И я все чаще ловлю себя на мысли: кого и что еще ей бы показать, чем с ней поделиться.

В Айнзидельн мы попали на закате. С парковкой машины проблем не было — брусчатка перед монастырскими воротами лежала свободной. В гулком соборе помолчали перед статуей черной Мадонны, долго рассматривали пухлых деревянных ангелочков, готовых вспорхнуть с большого органа, залезающих на подоконник витражного окна, прыгающих с небес на алтарь, притулившихся на консоли мраморной колонны: их радостная суета была так заразительна, что Ава повеселела и фон постоянной грусти перестал просвечивать в ее глазах.

Когда мы бродили по двору, я отыскала окно кельи, в которой наш Петер готовился к сессии в мединституте. За год нужно было сдать четырнадцать предметов. В России врачей учат по-другому. Моя коллега по народному университету фрау Хирш берет уроки у русского психиатра-диссидента, который уже несколько раз провалил наши трудные экзамены, а пока устроился санитаром в госпиталь. Это особый тип людей. Весь запас критического пафоса, отпущенный человеку, они — опрометчиво забывая о себе — используют для обличения мироустройства: в своей стране ругали сначала коммунистов, теперь демократов, попав на Запад, злобятся на здешние порядки. Мир-то, конечно, несовершенен, но и мы сами — всего лишь часть этого несовершенства.
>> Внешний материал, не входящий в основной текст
lemma exists_distinct_triple_sum_avoiding:
  fixes W :: "'g::{finite,ab_group_add} set" and c :: 'g
  assumes "2 * card W + 7 \<le> card (UNIV :: 'g set)"
  shows "\<exists>x y z. x \<notin> W \<and> y \<notin> W \<and> z \<notin> W \<and> x \<noteq> y \<and> x \<noteq> z \<and> y \<noteq> z \<and> x + y + z = c"
proof -
  let ?N = "card (UNIV :: 'g set)" and ?halves = "\<lambda>z. {x. x + x = c - z}"
  have compl: "card (- W) = ?N - card W"
    by (simp add: Compl_eq_Diff_UNIV card_Diff_subset)
  with assms have "- W \<noteq> {}" by auto
  moreover have "?halves z = (\<lambda>x. c - (x + x)) -` {z} \<inter> UNIV" for z
    by auto
  ultimately obtain z where z: "z \<notin> W" "card (?halves z) * card (- W) \<le> ?N"
    using exists_small_fiber[of UNIV "- W" "\<lambda>x. c - (x + x)"] by auto
  have "card (?halves z) \<le> 4"
  proof (rule ccontr)
    assume "\<not> ?thesis"
    then have "5 * card (- W) \<le> card (?halves z) * card (- W)"
      by (intro mult_le_mono1) simp
    then have "5 * card (- W) \<le> ?N"
      using z(2) by linarith
    then show False using assms compl by linarith
  qed
  let ?partner = "\<lambda>w. c - z - w"
  define B where "B = insert z W \<union> ?partner ` insert z W \<union> ?halves z"
  have "card B \<le> card (insert z W) + card (?partner ` insert z W) + card (?halves z)"
    unfolding B_def by (meson card_Un_le add_le_mono order_trans le_refl)
  also have "\<dots> \<le> 2 * card (insert z W) + 4"
    using card_image_le[of "insert z W" ?partner] \<open>card (?halves z) \<le> 4\<close> by simp
  also have "\<dots> < ?N"
    using assms card_insert_le_m1 by (simp add: card_insert_if)
  finally obtain x where x: "x \<notin> B"
    by (metis UNIV_I card_mono finite subsetI leD)
  define y where "y = ?partner x"
  have "x \<noteq> y"
    using x unfolding B_def y_def by (auto simp: algebra_simps)
  moreover have "y \<notin> insert z W"
  proof
    assume "y \<in> insert z W"
    then have "x \<in> ?partner ` insert z W"
      by (rule rev_image_eqI) (simp add: y_def)
    with x show False unfolding B_def by blast
  qed
  moreover have "x \<notin> insert z W" "x + y + z = c"
    using x unfolding B_def y_def by auto
  ultimately show ?thesis
    using z(1) by blast
qed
Чтобы подтвердить, опровергнуть или скорректировать свои отвлеченные умозаключения, я согласилась взять урок У русского диссидента, когда мне это предложила фрау Хирш. Он несколько раз переносил день нашей встречи, в общем-то нужной ему для заработка. Утром, за час до назначенного времени, объявил, что может приехать лишь после ланча и что я должна встретить его на трамвайной остановке в Тиффенбрюнене, так как он не может приноровиться к расписанию поездов, останавливающихся в Кюснахте. Дабы довести дело до конца, я стерпела и это. И была „вознаграждена“ щедрой откровенностью монолога, дающего материал даже для более решительных, чем мои, выводов-приговоров, но о разговорной практике в языке, предполагающей и несколько реплик ученика, то есть моих, — и речи не было.

Фрау Хирш намеревалась за русским чаем познакомить с ним наших русофильствующих дам и москвичей, так о своей неявке он сообщил по телефону, когда мы уже расходились. И к лучшему — нам удалось забраться в любопытные закоулки московского и отчасти российского художественного быта: Тарас и Ава знают толк в том, о чем пока не пишут ни „Нойе цюрхер цайтунг“, ни „Московские новости“. На лекциях для этого времени не хватает.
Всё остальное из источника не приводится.